Monday, Feb. 15, 1982
Cabalarama
By R.Z. Sheppard
LEVITATION: FIVE FICTIONS by Cynthia Ozick Knopf; 158 pages; $11.50
Cynthia Ozick's career went public in 1966 with Trust, an intellectually ambitious, technically challenging first novel about personal and political betrayal. If the clang of metaphorical boiler plate rang in the reader's ear, so did the voice of new talent. Trust remains Ozick's only published novel. Her reputation rests mainly on collections of short fiction: The Pagan Rabbi and Other Stories and Bloodshed and Three Novellas. In these works, the author's philosophical and social overview narrowed and intensified. She could be outrageously satirical about current styles of New York life, but her more serious concerns centered on Jewish tradition and culture.
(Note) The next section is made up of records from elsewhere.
lemma integral_mean_le_deriv:
  assumes p: "p \<ge> 1" and hf: "f holomorphic_on unit_disc" and r: "0 < r" "r < 1"
    and M: "\<And>s. s \<in> {0<..r} \<Longrightarrow> integral_mean p (deriv f) s \<le> M"
  shows "integral_mean p f r \<le> 2 powr (p - 1) * (norm (f 0) powr p + M)"
proof -
  define J where "J t = integral {0..r} (\<lambda>s. norm (deriv f (complex_of_real s * cis t)) powr p)" for t
  have cf: "continuous_on unit_disc f" and cdf: "continuous_on unit_disc (deriv f)"
    using hf by (auto intro!: holomorphic_on_imp_continuous_on holomorphic_deriv simp: unit_disc_def)
  have "continuous_on UNIV (\<lambda>t. integral (cbox 0 r) (\<lambda>s. norm (deriv f (complex_of_real s * cis t)) powr p))"
    using continuous_on_polar_powr[OF cdf r(2)] p
    by (intro integral_continuous_on_param) (auto simp: cbox_interval)
  then have int_J: "J integrable_on {0..2*pi}"
    unfolding J_def cbox_interval by (rule integrable_continuous_real[OF continuous_on_subset]) auto
  have "integral {0..2*pi} (\<lambda>t. norm (f (complex_of_real r * cis t)) powr p)
      \<le> integral {0..2*pi} (\<lambda>t. 2 powr (p - 1) * (norm (f 0) powr p + J t))"
    unfolding J_def using norm_ray_powr_le[OF p hf] p r int_J[unfolded J_def]
    by (intro integral_le integrable_circle_powr cf integrable_on_mult_right integrable_add
        integrable_const_ivl) auto
  also have "\<dots> = 2 powr (p - 1) * (2 * pi * norm (f 0) powr p + integral {0..2*pi} J)"
    using integral_add[OF integrable_const_ivl int_J] by simp
  also have "integral {0..2*pi} J = 2 * pi * integral {0..r} (integral_mean p (deriv f))"
    unfolding J_def using cdf r p by (intro integral_circle_integral_ray) auto
  also have "integral {0..r} (integral_mean p (deriv f)) \<le> M"
    using cdf r p M by (intro integral_integral_mean_le) auto
  finally show ?thesis
    unfolding integral_mean_def by (simp add: divide_le_eq algebra_simps mult_left_mono)
qed

lemma Sp_imp_hardy:
  assumes p: "p \<ge> 1" and f: "f \<in> Sp p"
  shows "f \<in> hardy p" "hardy_norm p f \<le> 2 * Sp_norm p f"
proof -
  have hf: "f holomorphic_on unit_disc" and bdd: "bdd_above (integral_mean p (deriv f) ` {0<..<1})"
    using f by (auto simp: Sp_def hardy_def)
  have cf: "continuous_on unit_disc f" and cdf: "continuous_on unit_disc (deriv f)"
    using hf by (auto intro!: holomorphic_on_imp_continuous_on holomorphic_deriv simp: unit_disc_def)
  define S where "S = (SUP s\<in>{0<..<1}. integral_mean p (deriv f) s)"
  define B where "B = 2 powr (p - 1) * (norm (f 0) powr p + S)"
  have mean_le: "integral_mean p f r \<le> B" if "r \<in> {0<..<1}" for r
    unfolding B_def S_def using that
    by (intro integral_mean_le_deriv p hf cSUP_upper bdd) auto
  have bddf: "bdd_above (integral_mean p f ` {0<..<1})"
    by (rule bdd_aboveI2) (rule mean_le)
  then show "f \<in> hardy p"
    using hf by (simp add: hardy_def)
  have half: "1 / 2 \<in> {0<..<1::real}"
    by simp
  have "S \<ge> 0"
    unfolding S_def using integral_mean_nonneg[OF cdf, of "1 / 2" p] p
    by (intro cSUP_upper2[OF bdd half]) auto
  have "(SUP r\<in>{0<..<1}. integral_mean p f r) \<ge> 0"
    using integral_mean_nonneg[OF cf, of "1 / 2" p] p
    by (intro cSUP_upper2[OF bddf half]) auto
  then have "hardy_norm p f \<le> B powr (1 / p)"
    unfolding hardy_norm_def using p by (intro powr_mono2 cSUP_least mean_le) auto
  also have "\<dots> \<le> 2 * Sp_norm p f"
    unfolding B_def Sp_norm_def hardy_norm_def S_def[symmetric]
    by (rule two_powr_add_root_le[OF p norm_ge_zero \<open>S \<ge> 0\<close>])
  finally show "hardy_norm p f \<le> 2 * Sp_norm p f" .
qed

lemma hardy_cong:
  assumes "\<And>z. z \<in> unit_disc \<Longrightarrow> g z = h z"
  shows "g \<in> hardy p \<longleftrightarrow> h \<in> hardy p" "hardy_norm p g = hardy_norm p h"
proof -
  have "integral_mean p g r = integral_mean p h r" if "r \<in> {0<..<1}" for r
    unfolding integral_mean_def using assms that by (simp add: polar_in_unit_disc cong: integral_cong)
  then have "integral_mean p g ` {0<..<1} = integral_mean p h ` {0<..<1}"
    by (rule image_cong[OF refl])
  moreover have "g holomorphic_on unit_disc \<longleftrightarrow> h holomorphic_on unit_disc"
    by (rule holomorphic_cong) (simp_all add: assms)
  ultimately show "g \<in> hardy p \<longleftrightarrow> h \<in> hardy p" "hardy_norm p g = hardy_norm p h"
    by (simp_all add: hardy_def hardy_norm_def)
qed

lemma Sp_cong:
  assumes "\<And>z. z \<in> unit_disc \<Longrightarrow> g z = h z"
  shows "g \<in> Sp p \<longleftrightarrow> h \<in> Sp p" "Sp_norm p g = Sp_norm p h"
proof -
  have "deriv g z = deriv h z" if "z \<in> unit_disc" for z
  proof (rule deriv_cong_ev[OF _ refl])
    have "eventually (\<lambda>w. w \<in> unit_disc) (nhds z)"
      using that by (intro eventually_nhds_in_open) (simp_all add: unit_disc_def)
    then show "eventually (\<lambda>w. g w = h w) (nhds z)"
      by (rule eventually_mono) (rule assms)
  qed
  note hardy_cong[OF this, where p = p]
  moreover have "g holomorphic_on unit_disc \<longleftrightarrow> h holomorphic_on unit_disc"
    by (rule holomorphic_cong) (simp_all add: assms)
  moreover have "g 0 = h 0"
    by (rule assms) (simp add: unit_disc_def)
  ultimately show "g \<in> Sp p \<longleftrightarrow> h \<in> Sp p" "Sp_norm p g = Sp_norm p h"
    by (simp_all add: Sp_def Sp_norm_def)
qed

lemma unit_disc_primitive:
  assumes "f holomorphic_on unit_disc"
  obtains F where "F holomorphic_on unit_disc" "\<And>z. z \<in> unit_disc \<Longrightarrow> deriv F z = f z" "F 0 = 0"
proof -
  have od: "open unit_disc"
    by (simp add: unit_disc_def)
  obtain G where G: "\<And>z. z \<in> unit_disc \<Longrightarrow> (G has_field_derivative f z) (at z within unit_disc)"
    using holomorphic_convex_primitive'[OF _ od assms] by (auto simp: unit_disc_def)
  define F where "F z = G z - G 0" for z
  have F': "(F has_field_derivative f z) (at z)" if "z \<in> unit_disc" for z
    using G[OF that] at_within_open[OF that od] unfolding F_def[abs_def]
    by (auto intro!: derivative_eq_intros)
  show ?thesis
  proof
    show "F holomorphic_on unit_disc"
      unfolding holomorphic_on_def field_differentiable_def
      using F' by (blast intro: has_field_derivative_at_within)
    show "deriv F z = f z" if "z \<in> unit_disc" for z
      using F'[OF that] by (rule DERIV_imp_deriv)
  qed (simp add: F_def)
qed

lemma hardy_primitive_in_Sp:
  assumes "f \<in> hardy p"
  obtains F where "F \<in> Sp p" "Sp_norm p F = hardy_norm p f" "\<And>z. z \<in> unit_disc \<Longrightarrow> deriv F z = f z"
proof -
  have "f holomorphic_on unit_disc"
    using assms by (simp add: hardy_def)
  then obtain F where "F holomorphic_on unit_disc"
    and dF: "\<And>z. z \<in> unit_disc \<Longrightarrow> deriv F z = f z" and "F 0 = 0"
    using unit_disc_primitive by blast
  then show ?thesis
    using hardy_cong[OF dF, where p = p] assms by (intro that) (auto simp: Sp_def Sp_norm_def)
qed

theorem corollary3p4:
  fixes p :: real and \<phi> :: "complex \<Rightarrow> complex"
  assumes "p > 1"
    and "\<phi> holomorphic_on unit_disc"
    and "\<phi> ` unit_disc \<subseteq> unit_disc"
    and "\<phi> \<in> Sp p"
    and "bounded_on_Sp p (deriv_comp_op \<phi>)"
  shows "bounded_on_Sp p (comp_op \<phi>)"
proof -
  obtain C where D_in: "\<And>f. f \<in> Sp p \<Longrightarrow> deriv f \<circ> \<phi> \<in> Sp p"
    and D_bound: "\<And>f. f \<in> Sp p \<Longrightarrow> Sp_norm p (deriv f \<circ> \<phi>) \<le> C * Sp_norm p f"
    using assms(5) unfolding bounded_on_Sp_def deriv_comp_op_def by blast
  have "f \<circ> \<phi> \<in> Sp p \<and> Sp_norm p (f \<circ> \<phi>) \<le> 2 * max C 0 * Sp_norm p f" if f: "f \<in> Sp p" for f
  proof -
    have fH: "f \<in> hardy p" "hardy_norm p f \<le> 2 * Sp_norm p f"
      using Sp_imp_hardy assms(1) f by auto
    obtain F where F: "F \<in> Sp p" "Sp_norm p F = hardy_norm p f"
      and dF: "\<And>z. z \<in> unit_disc \<Longrightarrow> deriv F z = f z"
      using hardy_primitive_in_Sp[OF fH(1)] by blast
    have eq: "(f \<circ> \<phi>) z = (deriv F \<circ> \<phi>) z" if "z \<in> unit_disc" for z
      using dF assms(3) that by auto
    have "Sp_norm p (f \<circ> \<phi>) = Sp_norm p (deriv F \<circ> \<phi>)"
      using Sp_cong(2)[of "f \<circ> \<phi>" "deriv F \<circ> \<phi>", OF eq] .
    also have "\<dots> \<le> C * hardy_norm p f"
      using D_bound[OF F(1)] F(2) by simp
    also have "\<dots> \<le> max C 0 * (2 * Sp_norm p f)"
      using fH(2) by (intro mult_mono) (auto simp: hardy_norm_def)
    finally show ?thesis
      using Sp_cong(1)[of "f \<circ> \<phi>" "deriv F \<circ> \<phi>", OF eq] D_in[OF F(1)] by simp
  qed
  then show ?thesis
    unfolding bounded_on_Sp_def comp_op_def by blast
qed

end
Much of Levitation presents Ozick in the role of a woman wonder-rabbi spreading paradox and fantasy. She tries too hard. Fantasy requires a softer touch and more control than are found in these stories. Some of Ozick's figurative language is spell-breaking. The phrase "suckled the Nazi boot" seems to have dropped from a punk rock lyric. A "transient mirage" that teases the "medulla oblongata" is not only overwrought but inappropriate for this part of the brain.
Ozick is more successful when she builds on realism. Lucy of the title story is a convert to Judaism who marries Feingold, a Manhattan editor obsessed with the persecution of medieval Jews. Both Feingolds have published novels, spend their evenings toiling over new books, and joke that they are "secondary-level people." Only it is not a joke. "Jews and women!" thinks Lucy. "They were both beside the point. It was necessary to put aside pity; to look to the center; to abandon selflessness; to study power."
The Feingolds have little aptitude for it. Irving Howe, Susan Sontag, Alfred Kazin, Leslie Fiedler, Norman Podhoretz, Elizabeth Hardwick, Philip Roth, Joyce Carol Gates, Norman Mailer, William Styron, Donald Barthelme, Jerzy Kosinski and Truman Capote do not come to their party. They miss quite a scene. Among the uncelebrated guests is a Holocaust survivor who literally levitates the living room with horror stories. Lucy also rises to the occasion with a Christian-pagan vision rooted in agriculture, bacchanalia and fertility symbols. The reader is left suspended with images of unreachable men locked in "the glory of their martyrdom," and of the Holocaust as multiple Crucifixions in which "every Jew was Jesus." Not since Elaine dined alone has there been a stranger tale of literary New York.
Ozick does not exercise her talents casually. An essay on aesthetics and the psychology of ghostly doubles tugs beneath the surface of Shots. From a Refugee's Notebook focuses on a Sigmund Freud who dreams of becoming a god, and then shifts to a science-fiction planet where a community of female dialecticians known as the Sewing Harem is the source of a society's rise and fall.
The author's view of community and civic ethics has roots in Talmudic law; her images of evil spring from Jewish folklore and mysticism. These influences get their longest airing in a novella with the intimidating title Puttermesser and Xanthippe. The former is a lawyer in New York's department of receipts and disbursements; the latter a female golem, an artificial being that Puttermesser fashioned from potting soil. With Xanthippe's aid, the civil ser vant becomes mayor and turns the city into a Utopia. Unfortunately, it is the nature of golems to turn against their creators. Xanthippe plays a succubus, sleeps with every man in the administration, and the city returns to chaos.
One cannot fail to be impressed by Ozick's latest collection. But it is an impression that is made by high intelligence and willful invention, and not by a captivating imagination. Too often she seems to be hectoring the reader to decipher a private cabala. Too often the magic that she calls forth arrives as commentary.